Are you using a Tax Agent or an Accountant?

One of the critical areas that small-business owners need advice on is income tax. This advice is needed when the business first starts as to what type of entity to operate the business through, continues each year so that the owner maximises their income tax benefits, and when the business is sold so they can minimise the tax payable through the small business capital gains tax concessions.

The problem is many small-business owners do not know whether the accountant or tax agent they are using is equipped to provide the advice they need. In general terms, tax agents tend to just process annual returns and do not provide any advice.

This problem is further compounded because there are many professionals who call themselves accountants, but just like tax agents they mainly focus on preparing the annual accounts and tax returns rather than providing advice.

A true accountant, as well as preparing accounts and tax returns, also looks ahead and provides advice on income tax and other matters that assists the business owner to maximise their income while at the same time minimising tax.

Other more critical problems can be caused when a business owner uses someone that does not fully understand the complexities of the small business capital gains tax concessions. I recently came across a case where an owner is now facing paying income tax on the profit they made on the sale of the business, despite having received tax planning advice.

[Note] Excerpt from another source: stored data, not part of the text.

lemma unique_minimizer_linear_growth:
  fixes c ys :: "'b::euclidean_space"
  assumes aff: "\<forall>i<k. affine_fun (h i x)"
    and ys: "ys \<in> Yset k h x"
    and unique: "\<And>y. y \<in> Yset k h x \<Longrightarrow> y \<noteq> ys \<Longrightarrow> inner c ys < inner c y"
  shows "\<exists>m>0. \<forall>y\<in>Yset k h x. m * norm (y - ys) \<le> inner c (y - ys)"
proof -
  define K where
    "K = sphere 0 1 \<inter> (\<Inter>i\<in>{i. i < k \<and> h i x ys = 0}. {d. h i x (ys + d) \<le> 0})"
  have "closed (\<Inter>i\<in>{i. i < k \<and> h i x ys = 0}. {d. h i x (ys + d) \<le> 0})"
    using aff
    by (intro closed_INT ballI closed_Collect_le continuous_on_const
        continuous_on_affine_fun[OF _ continuous_on_add[OF continuous_on_const continuous_on_id]]) auto
  then have "compact K"
    unfolding K_def by (simp add: compact_Int_closed)
  have positive: "inner c d > 0" if "d \<in> K" for d
  proof -
    obtain e where "e > 0" and "ys + e *\<^sub>R d \<in> Yset k h x"
      using feasible_direction_Yset[OF aff ys] \<open>d \<in> K\<close> unfolding K_def by blast
    moreover have "d \<noteq> 0"
      using \<open>d \<in> K\<close> unfolding K_def by auto
    ultimately have "inner c ys < inner c (ys + e *\<^sub>R d)"
      by (intro unique) auto
    then show ?thesis
      using \<open>e > 0\<close> by (simp add: inner_add_right zero_less_mult_iff)
  qed
  obtain m where "m > 0" and m: "\<forall>d\<in>K. m \<le> inner c d"
    using compact_inner_pos_uniformly[OF \<open>compact K\<close>] positive by blast
  have "m * norm (y - ys) \<le> inner c (y - ys)" if y: "y \<in> Yset k h x" for y
  proof (cases "y = ys")
    case False
    define d where "d = (1 / norm (y - ys)) *\<^sub>R (y - ys)"
    have "h i x (ys + d) \<le> 0" if "i < k" "h i x ys = 0" for i
    proof -
      have "h i x (ys + d) = h i x y / norm (y - ys)"
        using aff that unfolding d_def by (simp add: affine_fun_along_line)
      also have "\<dots> \<le> 0"
        using y that unfolding Yset_def by (simp add: divide_nonpos_nonneg)
      finally show ?thesis .
    qed
    then have "d \<in> K"
      using False unfolding K_def d_def by simp
    then have "m \<le> inner c (y - ys) / norm (y - ys)"
      using m unfolding d_def by auto
    then show ?thesis
      using False by (simp add: pos_le_divide_eq)
  qed simp
  then show ?thesis
    using \<open>m > 0\<close> by blast
qed

lemma tau_linear_growth:
  assumes grad: "grad_y g x ys = c"
    and not_singleton: "Yset k h x - {ys} \<noteq> {}"
    and "m > 0"
    and growth: "\<forall>y\<in>Yset k h x. m * norm (y - ys) \<le> inner c (y - ys)"
  shows "c \<noteq> 0" and "tau g k h x ys > 0"
    and "\<And>y. y \<in> Yset k h x \<Longrightarrow> tau g k h x ys * norm c * norm (y - ys) \<le> inner c (y - ys)"
proof -
  obtain y0 where y0: "y0 \<in> Yset k h x" "y0 \<noteq> ys"
    using not_singleton by blast
  then have "0 < m * norm (y0 - ys)"
    using \<open>m > 0\<close> by simp
  also have "\<dots> \<le> inner c (y0 - ys)"
    using growth y0 by blast
  finally show "c \<noteq> 0"
    by auto
  then have "norm c > 0"
    by simp
  have cos_ge: "m / norm c \<le> cos_angle c (y - ys)" if "y \<in> Yset k h x - {ys}" for y
  proof -
    have "m / norm c * (norm c * norm (y - ys)) \<le> inner c (y - ys)"
      using growth that \<open>norm c > 0\<close> by simp
    then show ?thesis
      using that \<open>norm c > 0\<close> unfolding cos_angle_def by (simp add: pos_le_divide_eq)
  qed
  have tau_eq: "tau g k h x ys = (INF y\<in>Yset k h x - {ys}. cos_angle c (y - ys))"
    unfolding tau_def grad ..
  have "m / norm c \<le> tau g k h x ys"
    unfolding tau_eq using not_singleton cos_ge by (rule cINF_greatest)
  then show "tau g k h x ys > 0"
    using \<open>m > 0\<close> \<open>norm c > 0\<close> by (meson divide_pos_pos less_le_trans)
  show "tau g k h x ys * norm c * norm (y - ys) \<le> inner c (y - ys)" if "y \<in> Yset k h x" for y
  proof (cases "y = ys")
    case False
    have "tau g k h x ys \<le> cos_angle c (y - ys)"
      unfolding tau_eq
      by (rule cINF_lower) (use False that in \<open>auto intro: bdd_belowI2 cos_ge\<close>)
    then show ?thesis
      using False \<open>norm c > 0\<close> unfolding cos_angle_def by (simp add: pos_le_divide_eq mult.assoc)
  qed simp
qed

lemma barrier_minimizer_gap:
  assumes convex_g: "convex_on UNIV (g x)"
    and convex_h: "\<forall>i<k. convex_on UNIV (h i x)"
    and "t > 0"
    and yt: "yt \<in> ystar_t g k h t x"
    and y: "y \<in> Yset k h x"
  shows "g x yt - g x y \<le> real k * t"
proof -
  have yt_strict: "\<forall>i<k. h i x yt < 0"
    and yt_min: "\<And>z. z \<in> strict_dom k h x \<Longrightarrow> gbar g k h t x yt \<le> gbar g k h t x z"
    using yt unfolding ystar_t_def strict_dom_def by auto
  have shrunk: "(g x yt - g x y) * (1 - s) \<le> real k * t" if "0 < s" "s < 1" for s
  proof -
    define z where "z = (1 - s) *\<^sub>R yt + s *\<^sub>R y"
    have h_z: "(1 - s) * - h i x yt \<le> - h i x z" if "i < k" for i
    proof -
      have "h i x z \<le> (1 - s) * h i x yt + s * h i x y"
        unfolding z_def using convex_h that \<open>0 < s\<close> \<open>s < 1\<close> by (intro convex_onD) auto
      moreover have "s * h i x y \<le> 0"
        using y that \<open>0 < s\<close> unfolding Yset_def by (simp add: mult_nonneg_nonpos)
      ultimately show ?thesis
        by linarith
    qed
    have h_yt_pos: "0 < (1 - s) * - h i x yt" if "i < k" for i
      using yt_strict that \<open>s < 1\<close> by (simp add: mult_pos_neg)
    have "z \<in> strict_dom k h x"
      unfolding strict_dom_def using h_z h_yt_pos by (fastforce dest: less_le_trans)
    then have "g x yt - t * (\<Sum>i<k. ln (- h i x yt)) \<le> g x z - t * (\<Sum>i<k. ln (- h i x z))"
      using yt_min unfolding gbar_def by blast
    moreover have "g x z \<le> (1 - s) * g x yt + s * g x y"
      unfolding z_def using convex_g \<open>0 < s\<close> \<open>s < 1\<close> by (intro convex_onD) auto
    moreover have "t * (\<Sum>i<k. ln (- h i x yt)) + t * real k * ln (1 - s) \<le> t * (\<Sum>i<k. ln (- h i x z))"
    proof -
      have "ln (- h i x yt) + ln (1 - s) \<le> ln (- h i x z)" if "i < k" for i
      proof -
        have "ln (- h i x yt) + ln (1 - s) = ln ((1 - s) * - h i x yt)"
          using yt_strict that \<open>s < 1\<close> by (subst ln_mult) auto
        also have "\<dots> \<le> ln (- h i x z)"
          using h_z[OF that] h_yt_pos[OF that] by (simp add: ln_le_cancel_iff)
        finally show ?thesis .
      qed
      then have "(\<Sum>i<k. ln (- h i x yt) + ln (1 - s)) \<le> (\<Sum>i<k. ln (- h i x z))"
        by (intro sum_mono) simp
      then have "t * ((\<Sum>i<k. ln (- h i x yt)) + real k * ln (1 - s)) \<le> t * (\<Sum>i<k. ln (- h i x z))"
        using \<open>t > 0\<close> by (intro mult_left_mono) (simp_all add: sum.distrib)
      then show ?thesis
        by (simp add: distrib_left mult.assoc)
    qed
    ultimately have "s * (g x yt - g x y) \<le> t * real k * - ln (1 - s)"
      by (simp add: algebra_simps)
    also have "\<dots> \<le> t * real k * (s / (1 - s))"
      using ln_le_minus_one[of "1 / (1 - s)"] \<open>0 < s\<close> \<open>s < 1\<close> \<open>t > 0\<close>
      by (intro mult_left_mono) (simp_all add: ln_div field_simps)
    finally have "s * (g x yt - g x y) \<le> s * (real k * t / (1 - s))"
      by (simp add: mult.commute)
    then have "g x yt - g x y \<le> real k * t / (1 - s)"
      using \<open>0 < s\<close> by (simp only: mult_le_cancel_left_pos)
    then show ?thesis
      using \<open>s < 1\<close> by (simp add: pos_le_divide_eq)
  qed
  have "((\<lambda>s. (g x yt - g x y) * (1 - s)) \<longlongrightarrow> (g x yt - g x y) * (1 - 0)) (at_right 0)"
    by (intro tendsto_intros)
  moreover have "\<forall>\<^sub>F s in at_right 0. (g x yt - g x y) * (1 - s) \<le> real k * t"
    by (rule eventually_at_rightI[of _ 1]) (auto intro: shrunk)
  ultimately show ?thesis
    using tendsto_upperbound by fastforce
qed

theorem theorem2:
  fixes f g :: "real^'n \<Rightarrow> real^'m \<Rightarrow> real"
    and h :: "nat \<Rightarrow> real^'n \<Rightarrow> real^'m \<Rightarrow> real"
    and k :: nat and X :: "(real^'n) set"
    and Lf :: real and x :: "real^'n" and ys :: "real^'m"
  assumes A1_f: "C1_fun (uncurry2 f)"
    and A1_g: "C2_fun (uncurry2 g)"
    and A1_h: "\<forall>i<k. C2_fun (uncurry2 (h i))"
    and A2_X: "convex X" "compact X"
    and A2_slater: "\<forall>x\<in>X. \<exists>y. \<forall>i<k. h i x y < 0"
    and LIN: "\<forall>x\<in>X. affine_fun (g x) \<and> (\<forall>i<k. affine_fun (h i x)) \<and> compact (Yset k h x)"
    and Lip: "lipschitz_on Lf UNIV (uncurry2 f)"
    and hx: "x \<in> X"
    and single: "ystar g k h x = {ys}"
  shows "tau g k h x ys > 0 \<and>
    (\<forall>t>0. \<forall>yt\<in>ystar_t g k h t x.
       \<bar>f x yt - phi f g k h x\<bar> \<le> Lf * (real k * t) / (tau g k h x ys * norm (grad_y g x ys)))"
proof -
  have aff_g: "affine_fun (g x)" and aff_h: "\<forall>i<k. affine_fun (h i x)"
    using LIN hx by auto
  then obtain c d where g_eq: "\<And>y. g x y = inner c y + d"
    unfolding affine_fun_def by blast
  have grad: "grad_y g x ys = c"
    using g_eq by (rule grad_y_affine)
  have ys: "ys \<in> Yset k h x"
    and unique: "\<And>y. y \<in> Yset k h x \<Longrightarrow> y \<noteq> ys \<Longrightarrow> inner c ys < inner c y"
    using ystar_singleton_strict_min[OF single] by (simp_all add: g_eq)
  obtain m where "m > 0" and growth: "\<forall>y\<in>Yset k h x. m * norm (y - ys) \<le> inner c (y - ys)"
    using unique_minimizer_linear_growth[OF aff_h ys unique] by blast
  have not_singleton: "Yset k h x - {ys} \<noteq> {}"
    using aff_h A2_slater hx by (intro Yset_not_singleton) auto
  note tau = tau_linear_growth[OF grad not_singleton \<open>m > 0\<close> growth]
  have "\<bar>f x yt - phi f g k h x\<bar> \<le> Lf * (real k * t) / (tau g k h x ys * norm (grad_y g x ys))"
    if "t > 0" and yt: "yt \<in> ystar_t g k h t x" for t yt
  proof -
    have "inner c (yt - ys) \<le> real k * t"
      using barrier_minimizer_gap[OF affine_fun_convex_on[OF aff_g] _ \<open>t > 0\<close> yt ys] aff_h
      by (simp add: affine_fun_convex_on g_eq inner_diff_right)
    then have distance: "norm (yt - ys) \<le> real k * t / (tau g k h x ys * norm c)"
      using tau(3)[OF subsetD[OF ystar_t_subset_Yset yt]] tau(1,2) by (simp add: pos_le_divide_eq mult.commute mult.left_commute)
    have "\<bar>f x yt - phi f g k h x\<bar> \<le> Lf * norm (yt - ys)"
      using lipschitz_uncurry2_slice[OF Lip] unfolding phi_def single by simp
    also have "\<dots> \<le> Lf * (real k * t / (tau g k h x ys * norm c))"
      using distance lipschitz_on_nonneg[OF Lip] by (rule mult_left_mono)
    finally show ?thesis
      unfolding grad by simp
  qed
  then show ?thesis
    using tau(2) by blast
qed

end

The owner operated their business through a company that they had started from scratch. The business was sold for $700,000 during the 2017 tax year, with nearly all of the value relating to the goodwill of the business.

Because the business had been operated through a company the general 50 per cent capital gains tax discount did not apply, and there was no benefit in claiming the 50 per cent small business active asset concession.

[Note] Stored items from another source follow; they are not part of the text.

definition shift_space :: "int mat \<Rightarrow> (int \<Rightarrow> nat) set" where
  "shift_space A = {x. \<forall>l. x l < dim_row A \<and> x (l+1) < dim_row A \<and> A $$ (x l, x (l+1)) = 1}"

definition shift :: "(int \<Rightarrow> nat) \<Rightarrow> (int \<Rightarrow> nat)" where
  "shift x = (\<lambda>i. x (i+1))"

definition seq_top :: "(int \<Rightarrow> nat) topology" where
  "seq_top = product_topology (\<lambda>_. discrete_topology UNIV) UNIV"

definition shift_top :: "int mat \<Rightarrow> (int \<Rightarrow> nat) topology" where
  "shift_top A = subtopology seq_top (shift_space A)"

definition conjugacy :: "int mat \<Rightarrow> int mat \<Rightarrow> ((int \<Rightarrow> nat) \<Rightarrow> (int \<Rightarrow> nat)) \<Rightarrow> bool" where
  "conjugacy A B \<phi> \<longleftrightarrow> homeomorphic_map (shift_top A) (shift_top B) \<phi> \<and>
     (\<forall>x\<in>shift_space A. \<phi> (shift x) = shift (\<phi> x))"

definition elementary_rules ::
  "int mat \<Rightarrow> int mat \<Rightarrow> ((int \<Rightarrow> nat) \<Rightarrow> (int \<Rightarrow> nat)) \<Rightarrow> (nat \<Rightarrow> nat \<Rightarrow> nat) \<Rightarrow> (nat \<Rightarrow> nat \<Rightarrow> nat) \<Rightarrow> bool" where
  "elementary_rules A B \<phi> f g \<longleftrightarrow> conjugacy A B \<phi> \<and>
     (\<forall>x\<in>shift_space A. \<forall>i. \<phi> x i = f (x i) (x (i+1))) \<and>
     (\<forall>y\<in>shift_space B. \<forall>i. the_inv_into (shift_space A) \<phi> y i = g (y (i-1)) (y i))"

definition elementary_conjugacy :: "int mat \<Rightarrow> int mat \<Rightarrow> ((int \<Rightarrow> nat) \<Rightarrow> (int \<Rightarrow> nat)) \<Rightarrow> bool" where
  "elementary_conjugacy A B \<phi> \<longleftrightarrow> (\<exists>f g. elementary_rules A B \<phi> f g)"

definition loc_rule where
  "loc_rule A B \<phi> = (SOME f. \<exists>g. elementary_rules A B \<phi> f g)"

definition inv_loc_rule where
  "inv_loc_rule A B \<phi> = (SOME g. \<exists>f. elementary_rules A B \<phi> f g)"

definition R_mat :: "int mat \<Rightarrow> int mat \<Rightarrow> ((int \<Rightarrow> nat) \<Rightarrow> (int \<Rightarrow> nat)) \<Rightarrow> int mat" where
  "R_mat A B \<phi> = mat (dim_row A) (dim_row B) (\<lambda>(a,b).
     if \<exists>a'<dim_row A. A $$ (a,a') = 1 \<and> loc_rule A B \<phi> a a' = b then 1 else 0)"

definition S_mat :: "int mat \<Rightarrow> int mat \<Rightarrow> ((int \<Rightarrow> nat) \<Rightarrow> (int \<Rightarrow> nat)) \<Rightarrow> int mat" where
  "S_mat A B \<phi> = mat (dim_row B) (dim_row A) (\<lambda>(b,a).
     if \<exists>b'<dim_row B. B $$ (b,b') = 1 \<and> inv_loc_rule A B \<phi> b b' = a then 1 else 0)"

end

theory Submission
  imports Defs
begin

The tax planning advice they received centred on the owner claiming the small business retirement exemption on $500,000, with the roll over concession being claimed for the remaining $200,000. The tax planning advice had been obtained from an accountant who specialised in strategic tax planning, but the owner decided to have the 2017 tax return prepared and lodged by the tax agent they had always used.

After the tax returns had been prepared and lodged for the company, the business owner contacted the accountant that had provided the tax planning advice. He wanted to know how to make the superannuation contribution to qualify for the $500,000 small business retirement exemption.

The accountant unfortunately had to advise the business owner that, as a result of the superannuation contribution not having been made before or at the time the company’s tax return was lodged, they would not be eligible for the small business CGT retirement exemption and the company would be paying tax at 27.5 per cent tax on all of the $500,000.dd to shortlist

This small-business owner’s unfortunate experience clearly illustrates the importance of not only getting advice, but also of using an accountant that fully understands the steps that must be taken to qualify for the small business tax concessions and exemptions.